D: If the release of the blastocyst cavity is delayed by more than 12°days, then there is a high chance of conjoint twins as they stay within a hard-pressed small cavity, and body parts of one baby accept other babies’ parts to fuse easily. This feature has been reported in the cranium, thorax, abdomen, and buttocks. The picture is taken from Langman’s Medical Embryology, Kluwer, (1).
Mechanism of fetus in feto (How a baby enters inside the other baby)
Twin to twin transfusion syndrome
When there are monochorionic (single placenta) twins, this syndrome may occur. In this case, because of highly developing fetal tissues, blood capillaries have a tendency to communicate with each other placenta. This results in a network of capillaries that may channelize more blood to one fetus than the other or in more rare cases completely deprive blood flow to the other fetus. If blood never reaches the fetus, no nourishment reaches the fetus, and there is no conduction of developmental factors which is crucial for the unfolding of the body’s different systemic growth. However, the stunted baby will not die. The two babies are made up of the same tissue, and hence, simple attachment in any body part can derive some nutrients by percolation sufficient to live a life but development will be arrested at that stage of embryological milestone.

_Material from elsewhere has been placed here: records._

(* Let $G$ be a connected, locally finite Cayley graph of a group $\Gamma$, and let $r\in\mathbb{N}$. Then the $r$-local cover $G_r$ of $G$ is (isomorphic to) a connected, locally finite Cayley graph of a finitely presented group $\Gamma_r$ of which $\Gamma$ is a quotient.
   Context: $\mathrm{Cay}(\Gamma,S)$ (for $S\subseteq\Gamma$) has vertex set $\Gamma$, edge set $\{(g,s):g\in\Gamma,s\in S\}$, edge $(g,s)$ joining $g$ and $gs$; graphs may have loops and parallel edges and are viewed as 1-complexes. A cycle may be a loop or a pair of parallel edges; a closed walk once around a cycle $O$ traverses every edge of $O$ exactly once. For a connected graph $G$ and vertex $x_0$, $\pi_1^r(G,x_0)$ is the subgroup of $\pi_1(G,x_0)$ generated by the classes of closed walks $W_0QW_0^-$ with $W_0$ a walk from $x_0$ to a vertex $y$, $Q$ a closed walk at $y$ once around a cycle of length at most $r$, $W_0^-$ the reverse of $W_0$. The $r$-local covering $p_r:G_r\to G$ is the connected normal covering with characteristic subgroup $\pi_1^r(G,x_0)$, and $G_r$ is the $r$-local cover. *)

theory Defs
  imports "HOL-Algebra.Algebra"
begin

text \<open>A graph is given by a vertex set, an edge set and, for each edge, its pair of
  end vertices (an orientation used only for bookkeeping; the graph is undirected,
  viewed as a 1-complex).\<close>

record ('v,'e) mgraph =
  verts :: "'v set"
  edges :: "'e set"
  ends  :: "'e \<Rightarrow> 'v \<times> 'v"

definition Cay :: "('a,'b) monoid_scheme \<Rightarrow> 'a set \<Rightarrow> ('a, 'a \<times> 'a) mgraph" where
  "Cay \<Gamma> S = \<lparr> verts = carrier \<Gamma>, edges = carrier \<Gamma> \<times> S,
                   ends = (\<lambda>(g,s). (g, g \<otimes>\<^bsub>\<Gamma>\<^esub> s)) \<rparr>"

text \<open>Darts: an edge together with a direction of traversal.\<close>

definition dtail :: "('v,'e,'z) mgraph_scheme \<Rightarrow> 'e \<times> bool \<Rightarrow> 'v" where
  "dtail G d = (if snd d then fst (ends G (fst d)) else snd (ends G (fst d)))"

definition dhead :: "('v,'e,'z) mgraph_scheme \<Rightarrow> 'e \<times> bool \<Rightarrow> 'v" where
  "dhead G d = (if snd d then snd (ends G (fst d)) else fst (ends G (fst d)))"

definition flip :: "'e \<times> bool \<Rightarrow> 'e \<times> bool" where
  "flip d = (fst d, \<not> snd d)"

fun walk :: "('v,'e,'z) mgraph_scheme \<Rightarrow> 'v \<Rightarrow> ('e \<times> bool) list \<Rightarrow> 'v \<Rightarrow> bool" where
  "walk G x [] y \<longleftrightarrow> x \<in> verts G \<and> x = y"
| "walk G x (d # W) y \<longleftrightarrow> x \<in> verts G \<and> fst d \<in> edges G \<and> dtail G d = x
      \<and> walk G (dhead G d) W y"

definition rev_walk :: "('e \<times> bool) list \<Rightarrow> ('e \<times> bool) list" where
  "rev_walk W = rev (map flip W)"

definition connected_graph :: "('v,'e,'z) mgraph_scheme \<Rightarrow> bool" where
  "connected_graph G \<longleftrightarrow> verts G \<noteq> {} \<and> (\<forall>x\<in>verts G. \<forall>y\<in>verts G. \<exists>W. walk G x W y)"

definition locally_finite :: "('v,'e,'z) mgraph_scheme \<Rightarrow> bool" where
  "locally_finite G \<longleftrightarrow> (\<forall>v\<in>verts G. finite {e\<in>edges G. fst (ends G e) = v \<or> snd (ends G e) = v})"

definition mg_iso :: "('v,'e,'z) mgraph_scheme \<Rightarrow> ('w,'f,'y) mgraph_scheme \<Rightarrow> bool" where
  "mg_iso G H \<longleftrightarrow> (\<exists>f g. bij_betw f (verts G) (verts H) \<and> bij_betw g (edges G) (edges H) \<and>
     (\<forall>e\<in>edges G. ends H (g e) = (f (fst (ends G e)), f (snd (ends G e)))
                 \<or> ends H (g e) = (f (snd (ends G e)), f (fst (ends G e)))))"

text \<open>Homotopy of walks: equivalence generated by inserting/deleting backtracks.
  Homotopy classes of closed walks at x0 form pi_1(G,x0).\<close>

definition backtrack_step :: "('e \<times> bool) list \<Rightarrow> ('e \<times> bool) list \<Rightarrow> bool" where
  "backtrack_step A B \<longleftrightarrow> (\<exists>u v d. A = u @ [d, flip d] @ v \<and> B = u @ v)"

definition homotopic :: "('e \<times> bool) list \<Rightarrow> ('e \<times> bool) list \<Rightarrow> bool" where
  "homotopic = (\<lambda>A B. backtrack_step A B \<or> backtrack_step B A)\<^sup>*\<^sup>*"

text \<open>Q is a closed walk at y once around a cycle: a nonempty closed walk using distinct
  edges and visiting distinct vertices (covers loops, pairs of parallel edges, longer cycles).\<close>

definition once_around :: "('v,'e,'z) mgraph_scheme \<Rightarrow> 'v \<Rightarrow> ('e \<times> bool) list \<Rightarrow> bool" where
  "once_around G y Q \<longleftrightarrow> walk G y Q y \<and> Q \<noteq> [] \<and> distinct (map fst Q) \<and> distinct (map (dhead G) Q)"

So, it may be deduced that twin-to-twin transfusion syndrome can completely deprive blood supply and results in one full-blown baby, while the other baby is arrested in a miniscule shape attached anywhere with his/her brother/sister body parts. Another determinant is that it should be a case of monochorionic and monoamniotic twins.

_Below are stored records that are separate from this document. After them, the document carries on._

lemma prod_large_prime_powers_central_binomial_le:
  fixes n :: nat
  assumes n: "3 \<le> n" and no_prime: "\<not> (\<exists>q. prime q \<and> n < q \<and> q \<le> 2 * n)"
  shows "(\<Prod>p\<in>prime_factors (2 * n choose n) - {p. p * p \<le> 2 * n}.
           p ^ multiplicity p (2 * n choose n)) \<le> 4 ^ (2 * n div 3)"
proof -
  let ?L = "prime_factors (2 * n choose n) - {p. p * p \<le> 2 * n}"
  have "p ^ multiplicity p (2 * n choose n) = p" if "p \<in> ?L" for p
  proof -
    have p: "prime p" "p dvd (2 * n choose n)" using that by auto
    have "p ^ multiplicity p (2 * n choose n) \<le> 2 * n"
      using prime_power_multiplicity_central_binomial_le p(1) n by simp
    also have "\<dots> < p ^ 2" using that by (simp add: power2_eq_square)
    finally have "multiplicity p (2 * n choose n) < 2"
      using p(1) prime_gt_1_nat power_less_imp_less_exp by blast
    moreover have "multiplicity p (2 * n choose n) \<noteq> 0"
      using p prime_multiplicity_gt_zero_iff[of p "2 * n choose n"] by simp
    ultimately show ?thesis by (simp add: numeral_2_eq_2 less_Suc_eq)
  qed
  hence "(\<Prod>p\<in>?L. p ^ multiplicity p (2 * n choose n)) = \<Prod>?L" by simp
  also have "\<dots> \<le> primorial (2 * n div 3)"
    unfolding primorial_def
  proof (rule dvd_imp_le)
    show "\<Prod>?L dvd \<Prod>{p. prime p \<and> p \<le> 2 * n div 3}"
    proof (intro prod_dvd_prod_subset subsetI)
      fix p assume "p \<in> ?L"
      hence p: "prime p" "p dvd (2 * n choose n)" by auto
      hence "3 * p \<le> 2 * n" by (rule prime_factor_central_binomial_le[OF n no_prime])
      thus "p \<in> {p. prime p \<and> p \<le> 2 * n div 3}" using p(1) by (simp add: less_eq_div_iff_mult_less_eq mult.commute)
    qed simp
  qed (auto intro: prod_pos dest: prime_gt_0_nat)
  also have "\<dots> \<le> 4 ^ (2 * n div 3)" by (rule primorial_le_4_pow)
  finally show ?thesis .
qed

lemma central_binomial_le_if_no_prime:
  fixes n :: nat
  assumes n: "3 \<le> n" and no_prime: "\<not> (\<exists>q. prime q \<and> n < q \<and> q \<le> 2 * n)"
  shows "(2 * n choose n) \<le> (2 * n) ^ floor_sqrt (2 * n) * 4 ^ (2 * n div 3)"
proof -
  let ?C = "2 * n choose n" and ?X = "{p. p * p \<le> 2 * n}"
  have "?C = (\<Prod>p\<in>prime_factors ?C. p ^ multiplicity p ?C)"
    by (rule prime_factorization_nat) simp
  also have "\<dots> = (\<Prod>p\<in>prime_factors ?C \<inter> ?X. p ^ multiplicity p ?C)
      * (\<Prod>p\<in>prime_factors ?C - ?X. p ^ multiplicity p ?C)"
    by (rule prod.Int_Diff) simp
  also have "\<dots> \<le> (2 * n) ^ floor_sqrt (2 * n) * 4 ^ (2 * n div 3)"
    using prod_small_prime_powers_central_binomial_le prod_large_prime_powers_central_binomial_le
      assms by (intro mult_le_mono) auto
  finally show ?thesis .
qed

In the case of conjoint twins, the two babies are well developed but may be fused in the buttocks, abdomen, chest, or head. So, it may be deduced that it is not a case of monochorionic meaning they have their own separate placentas but a case of monoamniotic so no barrier existed in-between them and two babies were in contact with body parts which got fused by staying longer in the same position within a tight amniotic cavity.
How the second fetus managed to enter the first?

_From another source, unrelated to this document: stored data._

lemma tailE_dyadic_telescope:
  "tailE mu (2^i) - tailE mu (2^(i+T)) = (\<Sum>t<T. dyadic_mass (i+t))"
  using sum_lessThan_telescope'[of "\<lambda>t. tailE mu (2^(i+t))" T]
  by (simp add: dyadic_mass_def)

lemma dyadic_mass_bounds:
  obtains J where "\<And>j. j \<ge> J \<Longrightarrow> L (2^j) / 4 \<le> dyadic_mass j \<and> dyadic_mass j \<le> 2 * L (2^j)"
proof -
  obtain J where J: "\<And>j k. j \<ge> J \<Longrightarrow> 2^j \<le> k \<Longrightarrow> k \<le> 2^(j+1) \<Longrightarrow>
      L (2^j) / 2 \<le> L (real k) \<and> L (real k) \<le> 2 * L (2^j)"
    using L_dyadic_block by blast
  have "L (2^j) / 4 \<le> dyadic_mass j \<and> dyadic_mass j \<le> 2 * L (2^j)" if j: "j \<ge> J" for j
  proof -
    have term_bounds: "L (2^j) / 2^(j+2) \<le> real k * mu k \<and> real k * mu k \<le> 2 * L (2^j) / 2^j"
      if k: "k \<in> {2^j..<2^(j+1)}" for k
    proof -
      have kr: "(2::real)^j \<le> real k" "real k \<le> 2^(j+1)"
        using k by (metis atLeastLessThan_iff of_nat_le_iff of_nat_numeral of_nat_power,
            metis atLeastLessThan_iff less_imp_le of_nat_le_iff of_nat_numeral of_nat_power)
      have "k \<ge> 1"
        using k by (metis atLeastLessThan_iff dual_order.trans one_le_numeral one_le_power)
      have Lk: "L (2^j) / 2 \<le> L (real k)" "L (real k) \<le> 2 * L (2^j)"
        using J[OF j] k by auto
      have "(L (2^j) / 2) / 2^(j+1) \<le> L (real k) / real k"
        using kr Lk L_pos[of "2^j"] \<open>k \<ge> 1\<close> by (intro frac_le) auto
      moreover have "L (real k) / real k \<le> (2 * L (2^j)) / 2^j"
        using kr Lk L_pos[of "2^j"] \<open>k \<ge> 1\<close> by (intro frac_le) auto
      ultimately show ?thesis
        using mult_mu_eq[OF \<open>k \<ge> 1\<close>] by (simp add: field_simps)
    qed
    have card: "card {(2::nat)^j..<2^(j+1)} = 2^j"
      by simp
    have "L (2^j) / 4 = (\<Sum>k\<in>{(2::nat)^j..<2^(j+1)}. L (2^j) / 2^(j+2))"
      using card by (simp add: field_simps power_add)
    also have "\<dots> \<le> dyadic_mass j"
      unfolding dyadic_mass_eq_sum using term_bounds by (intro sum_mono) auto
    finally have "L (2^j) / 4 \<le> dyadic_mass j" .
    moreover have "dyadic_mass j \<le> (\<Sum>k\<in>{(2::nat)^j..<2^(j+1)}. 2 * L (2^j) / 2^j)"
      unfolding dyadic_mass_eq_sum using term_bounds by (intro sum_mono) auto
    ultimately show ?thesis
      using card by simp
  qed
  thus ?thesis using that by blast
qed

At the outset, I described a small baby was found within the abdomen of a grown-up male boy and was attached to the left kidney.
To understand this problem, we note that in the case of monochorionic and monoamniotic twins, there is no barrier existing in between, and one baby was fully grown up, while the other was arrested in growth due to twin-to-twin transfusion syndrome.
Physiological hernia
The sudden and rapid growth of the liver in a small abdominal cavity makes the contents very much pressurized, and movable organs are the intestines that move out of the abdomen via the umbilicus. So at this stage, in the same amniotic cavity, not only the herniated intestines lodge but also the stunted fetus exists. However, after the 10th week, the liver growth ceased and the size of the abdominal cavity increased. Intra-abdominal pressure drops and intestines started returning. The liver occupied the right and upper part of the abdomen. So, the returning intestines cannot stay in the occupied area by the liver, and they occupy the left and lower part of the abdomen, along with the returning intestines accompanied by the small fetus in the lower left side of the abdomen.
Ascent of kidneys
Kidneys are developed in the pelvic cavity and later ascend in the abdominal cavity along the posterior wall until stopped by suprarenal glands. Since the left kidney came directly in contact by pushup, the fetus got attached to it and remained there for 13°years.